Security & Privacy
Join & connect to our own Risk Ledger profile to have real-time access to our security and risk controls. Or contact us to request a temporary view.
Data
The name, business email address, and mobile number of any authorised user who signs up to the platform.
Any data you submit within your risk profile (this is generally information about how you govern risk within your company).
Your data is controlled by you.
As an organisation on Risk Ledger, only authorised users on your account can decide to share sensitive data with another organisation on the platform. The only data visible to other organisations you are not connected with is your company’s name, sector, and company number to allow connections to be requested and accepted.

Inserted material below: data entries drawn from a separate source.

(* Let $(X,T)$ be a minimal dendric subshift over the finite alphabet $\mathcal{A}$. Let $$H=\Big\{\sum_{a\in\mathcal{A}}\sum_{k\in K_a}\alpha(a,k)\,\chi_{T^k([a])}\ :\ K_a\subseteq\mathbb{Z}\text{ finite},\ \alpha(a,k)\in\mathbb{Z}\Big\}\subseteq C(X,\mathbb{Z}).$$ Then for every $v\in\mathcal{L}(X)$, the characteristic function $\chi_{[v]}$ belongs to $H$.
   Context: $T$ is the shift on $\mathcal{A}^{\mathbb Z}$, $(X,T)$ a subshift (closed shift-invariant subset), minimal if it has no nonempty proper closed invariant subset. $\mathcal{L}(X)$ is the set of finite factors of elements of $X$. For $w\in\mathcal{L}(X)$ let $L(w)=\{a: aw\in\mathcal{L}(X)\}$, $R(w)=\{b: wb\in\mathcal{L}(X)\}$, $E(w)=\{(a,b): awb\in\mathcal{L}(X)\}$; the extension graph of $w$ is the bipartite graph on the disjoint union of $L(w)$ and $R(w)$ with edge set $E(w)$. A minimal subshift is dendric if every extension graph (including that of the empty word) is a tree. For a word $v$, $[v]=\{x\in X: x_0\cdots x_{|v|-1}=v\}$; $\chi_A$ denotes the characteristic function of $A\subseteq X$. *)

theory Defs
  imports "HOL-Analysis.Analysis"
begin

text \<open>Points of A^Z are functions int => 'a. shiftpow k is T^k, T the left shift.\<close>

definition shiftpow :: "int \<Rightarrow> (int \<Rightarrow> 'a) \<Rightarrow> (int \<Rightarrow> 'a)" where
  "shiftpow k x = (\<lambda>n. x (n + k))"

abbreviation shift :: "(int \<Rightarrow> 'a) \<Rightarrow> (int \<Rightarrow> 'a)" where
  "shift \<equiv> shiftpow 1"

definition subshift :: "'a set \<Rightarrow> (int \<Rightarrow> 'a) set \<Rightarrow> bool" where
  "subshift A X \<longleftrightarrow> finite A \<and>
     closedin (product_topology (\<lambda>_::int. discrete_topology A) UNIV) X \<and>
     shift ` X = X"

definition minimal_subshift :: "'a set \<Rightarrow> (int \<Rightarrow> 'a) set \<Rightarrow> bool" where
  "minimal_subshift A X \<longleftrightarrow> subshift A X \<and> X \<noteq> {} \<and>
     (\<forall>Y. Y \<subseteq> X \<and> Y \<noteq> {} \<and> subshift A Y \<longrightarrow> Y = X)"

definition occurs_at :: "'a list \<Rightarrow> (int \<Rightarrow> 'a) \<Rightarrow> int \<Rightarrow> bool" where
  "occurs_at w x i \<longleftrightarrow> (\<forall>j<length w. x (i + int j) = w ! j)"

definition lang :: "(int \<Rightarrow> 'a) set \<Rightarrow> 'a list set" where
  "lang X = {w. \<exists>x\<in>X. \<exists>i. occurs_at w x i}"

definition Lext :: "(int \<Rightarrow> 'a) set \<Rightarrow> 'a list \<Rightarrow> 'a set" where
  "Lext X w = {a. a # w \<in> lang X}"

definition Rext :: "(int \<Rightarrow> 'a) set \<Rightarrow> 'a list \<Rightarrow> 'a set" where
  "Rext X w = {b. w @ [b] \<in> lang X}"

definition Eext :: "(int \<Rightarrow> 'a) set \<Rightarrow> 'a list \<Rightarrow> ('a \<times> 'a) set" where
  "Eext X w = {(a, b). a # w @ [b] \<in> lang X}"

text \<open>Extension graph: vertices Inl a (a in L(w)) and Inr b (b in R(w)),
  undirected edges {Inl a, Inr b} for (a,b) in E(w).\<close>
definition ext_vertices :: "(int \<Rightarrow> 'a) set \<Rightarrow> 'a list \<Rightarrow> ('a + 'a) set" where
  "ext_vertices X w = Inl ` Lext X w \<union> Inr ` Rext X w"

definition ext_adj :: "(int \<Rightarrow> 'a) set \<Rightarrow> 'a list \<Rightarrow> ('a + 'a) \<Rightarrow> ('a + 'a) \<Rightarrow> bool" where
  "ext_adj X w u v \<longleftrightarrow>
     (\<exists>a b. (a, b) \<in> Eext X w \<and> ((u = Inl a \<and> v = Inr b) \<or> (u = Inr b \<and> v = Inl a)))"

definition graph_connected :: "'v set \<Rightarrow> ('v \<Rightarrow> 'v \<Rightarrow> bool) \<Rightarrow> bool" where
  "graph_connected V E \<longleftrightarrow> V \<noteq> {} \<and>
     (\<forall>u\<in>V. \<forall>v\<in>V. (\<lambda>x y. x \<in> V \<and> y \<in> V \<and> E x y)\<^sup>*\<^sup>* u v)"

definition graph_acyclic :: "'v set \<Rightarrow> ('v \<Rightarrow> 'v \<Rightarrow> bool) \<Rightarrow> bool" where
  "graph_acyclic V E \<longleftrightarrow> \<not> (\<exists>cs. length cs \<ge> 3 \<and> distinct cs \<and> set cs \<subseteq> V \<and>
      (\<forall>i. Suc i < length cs \<longrightarrow> E (cs ! i) (cs ! Suc i)) \<and> E (last cs) (hd cs))"

definition graph_tree :: "'v set \<Rightarrow> ('v \<Rightarrow> 'v \<Rightarrow> bool) \<Rightarrow> bool" where
  "graph_tree V E \<longleftrightarrow> graph_connected V E \<and> graph_acyclic V E"

definition dendric :: "'a set \<Rightarrow> (int \<Rightarrow> 'a) set \<Rightarrow> bool" where
  "dendric A X \<longleftrightarrow> minimal_subshift A X \<and>
     (\<forall>w\<in>lang X. graph_tree (ext_vertices X w) (ext_adj X w))"

definition cyl :: "(int \<Rightarrow> 'a) set \<Rightarrow> 'a list \<Rightarrow> (int \<Rightarrow> 'a) set" where
  "cyl X v = {x\<in>X. occurs_at v x 0}"

text \<open>The group H of integer combinations of chi_{T^k [a]}, as functions X -> Z
  (compared on X only).\<close>
definition Hgrp :: "'a set \<Rightarrow> (int \<Rightarrow> 'a) set \<Rightarrow> ((int \<Rightarrow> 'a) \<Rightarrow> int) set" where
  "Hgrp A X = {f. \<exists>K \<alpha>. finite K \<and> K \<subseteq> A \<times> UNIV \<and>
      (\<forall>x\<in>X. f x = (\<Sum>(a, k)\<in>K. \<alpha> (a, k) * indicator (shiftpow k ` cyl X [a]) x))}"

end

(* Induction on the length of v, proving the claim for occurrences of v at an arbitrary position i.
   The empty word and single letters are immediate, since the generators of H are exactly the
   functions x \<mapsto> [x i = a]. For v = c w d, acyclicity of the extension graph of w means that
   deleting its edge (c, d) separates c from d; let S be the side containing c. An occurrence of w
   with extension (a, b) \<noteq> (c, d) has a and b on the same side, so
     chi_[cwd] = sum over a in S of chi_[aw]  -  sum over b in S of chi_(T^-1 [wb]),
   and the right-hand side lies in H by induction. *)

theory Submission
  imports Defs "HOL-Library.Transitive_Closure_Table"
begin

lemma subshift_values: "subshift A X \<Longrightarrow> x \<in> X \<Longrightarrow> x n \<in> A"
  unfolding subshift_def using closedin_subset by fastforce

lemma shiftpow_add: "shiftpow k (shiftpow l x) = shiftpow (k + l) x"
  unfolding shiftpow_def by (simp add: ac_simps)

lemma shiftpow_apply [simp]: "shiftpow k x n = x (n + k)"
  unfolding shiftpow_def ..

lemma shiftpow_0 [simp]: "shiftpow 0 x = x"
  unfolding shiftpow_def by simp

lemma shiftpow_in_subshift:
  assumes "subshift A X" "x \<in> X"
  shows "shiftpow k x \<in> X"
proof (induction k rule: int_induct[where k = 0])
  case base
  show ?case using assms(2) by simp
next
  case (step1 k)
  then have "shift (shiftpow k x) \<in> X" using assms(1) unfolding subshift_def by blast
  then show ?case by (simp only: shiftpow_add add.commute)
next
  case (step2 k)
  then obtain y where "y \<in> X" "shiftpow k x = shift y" using assms(1) unfolding subshift_def by blast
  then have "shiftpow (k - 1) x = y"
    using shiftpow_add[of "-1" k x] shiftpow_add[of "-1" 1 y] by simp
  with \<open>y \<in> X\<close> show ?case by simp
qed

lemma occurs_at_Nil [simp]: "occurs_at [] x i"
  unfolding occurs_at_def by simp

lemma occurs_at_Cons: "occurs_at (a # u) x i \<longleftrightarrow> x i = a \<and> occurs_at u x (i + 1)"
  unfolding occurs_at_def by (simp add: All_less_Suc2 ac_simps)

lemma occurs_at_singleton [simp]: "occurs_at [a] x i \<longleftrightarrow> x i = a"
  by (simp add: occurs_at_Cons)

lemma occurs_at_append:
  "occurs_at (u @ v) x i \<longleftrightarrow> occurs_at u x i \<and> occurs_at v x (i + int (length u))"
  by (induction u arbitrary: i) (auto simp: occurs_at_Cons ac_simps)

In order for an organisation to connect with you and have visibility of your profile, an authorised user must approve the connection request.
Once the connection is approved it can be deleted at any time by any of your organisation’s authorised users.
If a supplier deletes a connection with a client organisation, the authorised users of that organisation have visibility of the supplier profile as it was at the point of deletion. This is to allow an audit trail of your client's third-party risk management activities to be maintained.
If a supplier deletes their account, all personal data is removed, and clients who were connected with that supplier have visibility of their supplier profile as it was at the point of deletion.
Security
Encryption
All data sent to and from Risk Ledger is encrypted in transit. Our website, application and API are served over TLS/SSL, achieving A+ on Qualys SSL labs. We also encrypt all data at rest with the industry-standard AES-256.
Authentication
Risk Ledger enforces strong authentication for both our users and employees, to protect our customers and their data. Multi-Factor Authentication (MFA) is mandatory to access the product and all our internal systems.
Cloud Infrastructure
Risk Ledger services and data are hosted within hardened cloud infrastructure, managed using Infrastructure-as-Code processes. We operate over two availability zones, with robust monitoring in place. Amazon Web Services (AWS) is our primary cloud provider.
Independent Security Testing
Risk Ledger undergoes regular vulnerability scanning and penetration tests by independent third-parties, testing our security controls against industry standards. In addition, all our employees complete regular information security training.